#### Assigned task:
Please return every line in the entries below with the word "within" in it.

#### Material for this exercise:
(* Consider the implicit scheme and the semi-implicit scheme of the ISPH method described in the context. Suppose that, for every $k=0,1,\dots,K-1$, the particle distribution $X^k=\{x^k_1,\dots,x^k_N\}$ (with its partition $\{1,\dots,N\}=\Lambda_F^k\cup\Lambda_S^k\cup\Lambda_W^k$) satisfies the $h$-connectivity condition. Then both the implicit scheme and the semi-implicit scheme have a unique solution, i.e. at every step $k=0,\dots,K-1$ the equations of the step uniquely determine $\tilde u^{k+1}$, $p^{k+1}$ and $u^{k+1}$.
   Context: Let $d\in\{2,3\}$, $\Omega\subset\mathbb{R}^d$ a bounded domain with smooth boundary, $|\Omega|$ its volume. Fix $\rho>0$ (density), $\nu>0$ (viscosity), $T>0$, a body force $f:\overline\Omega\times[0,T]\to\mathbb{R}^d$ and an initial velocity $u_0:\overline\Omega\to\mathbb{R}^d$. Let $\Delta t>0$, $K=\lfloor T/\Delta t\rfloor$, $t^k=k\Delta t$. Reference weight function: $w\in C^2([0,\infty))$ such that for some $r_0>0$: $w(r)>0$ for $0<r<r_0$, $w(r)=0$ for $r\ge r_0$; $\dot w(r)<0$ for $0<r<r_0$, $\dot w(r)=0$ for $r=0$ or $r\ge r_0$; and $\int_{\mathbb{R}^d}w(|x|)\,dx=1$. For a smoothing length $h>0$ put $w_h(r)=h^{-d}w(r/h)$ with derivative $\dot w_h$, and for $x\neq y$ write $\nabla w_h(|x-y|)=\dot w_h(|x-y|)\frac{x-y}{|x-y|}$ (gradient in $x$), with $\nabla w_h(0):=0$. Particles: $N\in\mathbb{N}$, particle volumes $V_1,\dots,V_N>0$ with $\sum_i V_i=|\Omega|$. At each time level $k$ there are pairwise distinct positions $x^k_1,\dots,x^k_N\in\overline\Omega$ with $r_0h>\min_{i\ne j}|x^k_i-x^k_j|$, and a partition of $I_N=\{1,\dots,N\}$ into disjoint sets $\Lambda^k_F$ (inner fluid particles), $\Lambda^k_S$ (free-surface particles), $\Lambda^k_W$ (wall particles). Set $f^k_i=f(x^k_i,t^k)$ for $i\in\Lambda_F^k\cup\Lambda_S^k$ and $f^k_i=0$ for $i\in\Lambda_W^k$. Positions are updated by $x^{k+1}_i=x^k_i+\Delta t\,u^{k+1}_i$. Discrete operators at level $k$ (all distances $|x^k_i-x^k_j|$, gradients $\nabla w_h(|x^k_i-x^k_j|)$): for vector data $v$, $(\Delta_h v)_i=2\sum_{j\ne i,\,j\in I_N}V_j\frac{v_i-v_j}{|x^k_i-x^k_j|}\frac{x^k_i-x^k_j}{|x^k_i-x^k_j|}\cdot\nabla w_h(|x^k_i-x^k_j|)$; $(\nabla_h\cdot v)_i=\sum_{j=1}^N V_j(v_j+v_i)\cdot\nabla w_h(|x^k_i-x^k_j|)$; for scalar $p$ defined on $\Lambda_F^k\cup\Lambda_S^k$, $(\nabla_h p)_i=\sum_{j\in\Lambda_F^k\cup\Lambda_S^k}V_j(p_j-p_i)\nabla w_h(|x^k_i-x^k_j|)$ and $(\Delta_h p)_i=2\sum_{j\in\Lambda_F^k\cup\Lambda_S^k\setminus\{i\}}V_j\frac{p_i-p_j}{|x^k_i-x^k_j|}\frac{x^k_i-x^k_j}{|x^k_i-x^k_j|}\cdot\nabla w_h(|x^k_i-x^k_j|)$. Implicit scheme: $u^0_i=u_0(x^0_i)$ ($i=1..N$), and for $k=0,\dots,K-1$ find $\tilde u^{k+1}\in(\mathbb{R}^d)^N$, $p^{k+1}\in\mathbb{R}^{\Lambda_F^k\cup\Lambda_S^k}$, $u^{k+1}\in(\mathbb{R}^d)^N$ with: (b) $\frac{\tilde u^{k+1}_i-u^k_i}{\Delta t}=\nu(\Delta_h\tilde u^{k+1})_i+f^k_i$ for $i\in\Lambda_F^k\cup\Lambda_S^k$, $\tilde u^{k+1}_i=0$ for $i\in\Lambda_W^k$; (c) $(\Delta_h p^{k+1})_i=\frac{\rho}{\Delta t}(\nabla_h\cdot\tilde u^{k+1})_i$ for $i\in\Lambda_F^k$, $p^{k+1}_i=0$ for $i\in\Lambda_S^k$; (d) $\frac{u^{k+1}_i-\tilde u^{k+1}_i}{\Delta t}=-\frac1\rho(\nabla_h p^{k+1})_i$ for $i\in\Lambda_F^k\cup\Lambda_S^k$, $u^{k+1}_i=0$ for $i\in\Lambda_W^k$. The semi-implicit scheme is identical except that (b) is replaced by $\frac{\tilde u^{k+1}_i-u^k_i}{\Delta t}=\nu(\Delta_h u^k)_i+f^k_i$ for $i\in\Lambda_F^k\cup\Lambda_S^k$, $\tilde u^{k+1}_i=0$ for $i\in\Lambda_W^k$. $h$-connectivity condition for $X^k$: for every $i\in\Lambda_F^k$ there exist finite sequences $i=i_1,i_2,\dots,i_\zeta$ and $i=i^*_1,\dots,i^*_{\zeta^*}$ in $I_N$ with $0<|x^k_{i_l}-x^k_{i_{l+1}}|<r_0h$ and $i_l\in\Lambda_F^k$ for $1\le l<\zeta$, $i_\zeta\in\Lambda_S^k$; and $0<|x^k_{i^*_l}-x^k_{i^*_{l+1}}|<r_0h$ and $i^*_l\in\Lambda_F^k$ for $1\le l<\zeta^*$, $i^*_{\zeta^*}\in\Lambda_W^k$. *)

theory Defs
  imports "HOL-Analysis.Analysis"
begin

definition ref_weight :: "nat \<Rightarrow> (real \<Rightarrow> real) \<Rightarrow> (real \<Rightarrow> real) \<Rightarrow> real \<Rightarrow> bool" where
  "ref_weight d w wd r0 \<longleftrightarrow>
     r0 > 0 \<and>
     (\<exists>wdd. (\<forall>r\<ge>0. (w has_real_derivative wd r) (at r within {0..})) \<and>
            (\<forall>r\<ge>0. (wd has_real_derivative wdd r) (at r within {0..})) \<and>
            continuous_on {0..} wdd) \<and>
     (\<forall>r. 0 < r \<and> r < r0 \<longrightarrow> w r > 0) \<and>
     (\<forall>r. r \<ge> r0 \<longrightarrow> w r = 0) \<and>
     (\<forall>r. 0 < r \<and> r < r0 \<longrightarrow> wd r < 0) \<and>
     wd 0 = 0 \<and> (\<forall>r. r \<ge> r0 \<longrightarrow> wd r = 0)"

text \<open>Derivative of the scaled kernel w_h(r) = h^(-d) w(r/h): d/dr w_h(r) = h^(-d-1) wd(r/h).\<close>
definition wh_dot :: "nat \<Rightarrow> (real \<Rightarrow> real) \<Rightarrow> real \<Rightarrow> real \<Rightarrow> real" where
  "wh_dot d wd h r = wd (r / h) / h ^ (d + 1)"

text \<open>grad w_h(|z|) for z = x - y; equal to 0 for z = 0.\<close>
definition grad_wh :: "nat \<Rightarrow> (real \<Rightarrow> real) \<Rightarrow> real \<Rightarrow> 'a::euclidean_space \<Rightarrow> 'a" where
  "grad_wh d wd h z = (if z = 0 then 0 else (wh_dot d wd h (norm z) / norm z) *\<^sub>R z)"

definition lap_vec :: "nat \<Rightarrow> (real \<Rightarrow> real) \<Rightarrow> real \<Rightarrow> nat \<Rightarrow> (nat \<Rightarrow> real) \<Rightarrow> (nat \<Rightarrow> 'a::euclidean_space)
    \<Rightarrow> (nat \<Rightarrow> 'a) \<Rightarrow> nat \<Rightarrow> 'a" where
  "lap_vec d wd h N V x v i =
     2 *\<^sub>R (\<Sum>j\<in>{1..N} - {i}.
        (V j * ((1 / norm (x i - x j)) * (((1 / norm (x i - x j)) *\<^sub>R (x i - x j)) \<bullet> grad_wh d wd h (x i - x j))))
          *\<^sub>R (v i - v j))"

definition div_vec :: "nat \<Rightarrow> (real \<Rightarrow> real) \<Rightarrow> real \<Rightarrow> nat \<Rightarrow> (nat \<Rightarrow> real) \<Rightarrow> (nat \<Rightarrow> 'a::euclidean_space)
    \<Rightarrow> (nat \<Rightarrow> 'a) \<Rightarrow> nat \<Rightarrow> real" where
  "div_vec d wd h N V x v i = (\<Sum>j\<in>{1..N}. V j * ((v j + v i) \<bullet> grad_wh d wd h (x i - x j)))"

text \<open>Scalar operators; P = Lambda_F \<union> Lambda_S.\<close>
definition grad_sc :: "nat \<Rightarrow> (real \<Rightarrow> real) \<Rightarrow> real \<Rightarrow> nat set \<Rightarrow> (nat \<Rightarrow> real) \<Rightarrow> (nat \<Rightarrow> 'a::euclidean_space)
    \<Rightarrow> (nat \<Rightarrow> real) \<Rightarrow> nat \<Rightarrow> 'a" where
  "grad_sc d wd h P V x p i = (\<Sum>j\<in>P. (V j * (p j - p i)) *\<^sub>R grad_wh d wd h (x i - x j))"

definition lap_sc :: "nat \<Rightarrow> (real \<Rightarrow> real) \<Rightarrow> real \<Rightarrow> nat set \<Rightarrow> (nat \<Rightarrow> real) \<Rightarrow> (nat \<Rightarrow> 'a::euclidean_space)
    \<Rightarrow> (nat \<Rightarrow> real) \<Rightarrow> nat \<Rightarrow> real" where
  "lap_sc d wd h P V x p i =
     2 * (\<Sum>j\<in>P - {i}. V j * ((p i - p j) / norm (x i - x j)) *
            (((1 / norm (x i - x j)) *\<^sub>R (x i - x j)) \<bullet> grad_wh d wd h (x i - x j)))"

text \<open>Unknowns: ut (tilde u^{k+1}) and u (u^{k+1}) in (R^d)^N, extended by 0 outside {1..N};
  p (p^{k+1}) in R^(Lambda_F \<union> Lambda_S), extended by 0 outside Lambda_F \<union> Lambda_S.
  fk i is the force vector f^k_i (only used for i in Lambda_F \<union> Lambda_S).
  impl = True: implicit scheme (b); impl = False: semi-implicit scheme.\<close>
definition isph_step ::
  "bool \<Rightarrow> nat \<Rightarrow> (real \<Rightarrow> real) \<Rightarrow> real \<Rightarrow> real \<Rightarrow> real \<Rightarrow> real \<Rightarrow> nat \<Rightarrow> (nat \<Rightarrow> real)
   \<Rightarrow> (nat \<Rightarrow> 'a::euclidean_space) \<Rightarrow> nat set \<Rightarrow> nat set \<Rightarrow> nat set \<Rightarrow> (nat \<Rightarrow> 'a)
   \<Rightarrow> (nat \<Rightarrow> 'a) \<Rightarrow> (nat \<Rightarrow> 'a) \<Rightarrow> (nat \<Rightarrow> real) \<Rightarrow> (nat \<Rightarrow> 'a) \<Rightarrow> bool" where
  "isph_step impl d wd h rho nu dt N V x LF LS LW fk uk ut p u \<longleftrightarrow>
     (\<forall>i. i \<notin> {1..N} \<longrightarrow> ut i = 0 \<and> u i = 0) \<and>
     (\<forall>i. i \<notin> LF \<union> LS \<longrightarrow> p i = 0) \<and>
     (\<forall>i\<in>LF \<union> LS. (1 / dt) *\<^sub>R (ut i - uk i) =
         nu *\<^sub>R lap_vec d wd h N V x (if impl then ut else uk) i + fk i) \<and>
     (\<forall>i\<in>LW. ut i = 0) \<and>
     (\<forall>i\<in>LF. lap_sc d wd h (LF \<union> LS) V x p i = (rho / dt) * div_vec d wd h N V x ut i) \<and>
     (\<forall>i\<in>LS. p i = 0) \<and>
     (\<forall>i\<in>LF \<union> LS. (1 / dt) *\<^sub>R (u i - ut i) = - ((1 / rho) *\<^sub>R grad_sc d wd h (LF \<union> LS) V x p i)) \<and>
     (\<forall>i\<in>LW. u i = 0)"

definition path_to :: "real \<Rightarrow> real \<Rightarrow> nat \<Rightarrow> (nat \<Rightarrow> 'a::euclidean_space) \<Rightarrow> nat set \<Rightarrow> nat set \<Rightarrow> nat \<Rightarrow> bool" where
  "path_to r0 h N x LF T i \<longleftrightarrow>
     (\<exists>cs. cs \<noteq> [] \<and> hd cs = i \<and> set cs \<subseteq> {1..N} \<and> last cs \<in> T \<and>
        (\<forall>l. Suc l < length cs \<longrightarrow> cs ! l \<in> LF \<and>
              0 < dist (x (cs ! l)) (x (cs ! Suc l)) \<and> dist (x (cs ! l)) (x (cs ! Suc l)) < r0 * h))"

definition h_connected :: "real \<Rightarrow> real \<Rightarrow> nat \<Rightarrow> (nat \<Rightarrow> 'a::euclidean_space) \<Rightarrow> nat set \<Rightarrow> nat set \<Rightarrow> nat set \<Rightarrow> bool" where
  "h_connected r0 h N x LF LS LW \<longleftrightarrow>
     (\<forall>i\<in>LF. path_to r0 h N x LF LS i \<and> path_to r0 h N x LF LW i)"

end

theory Submission
  imports Defs "Jordan_Normal_Form.Determinant"
begin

#### Final answer:
     (\<exists>wdd. (\<forall>r\<ge>0. (w has_real_derivative wd r) (at r within {0..})) \<and>
            (\<forall>r\<ge>0. (wd has_real_derivative wdd r) (at r within {0..})) \<and>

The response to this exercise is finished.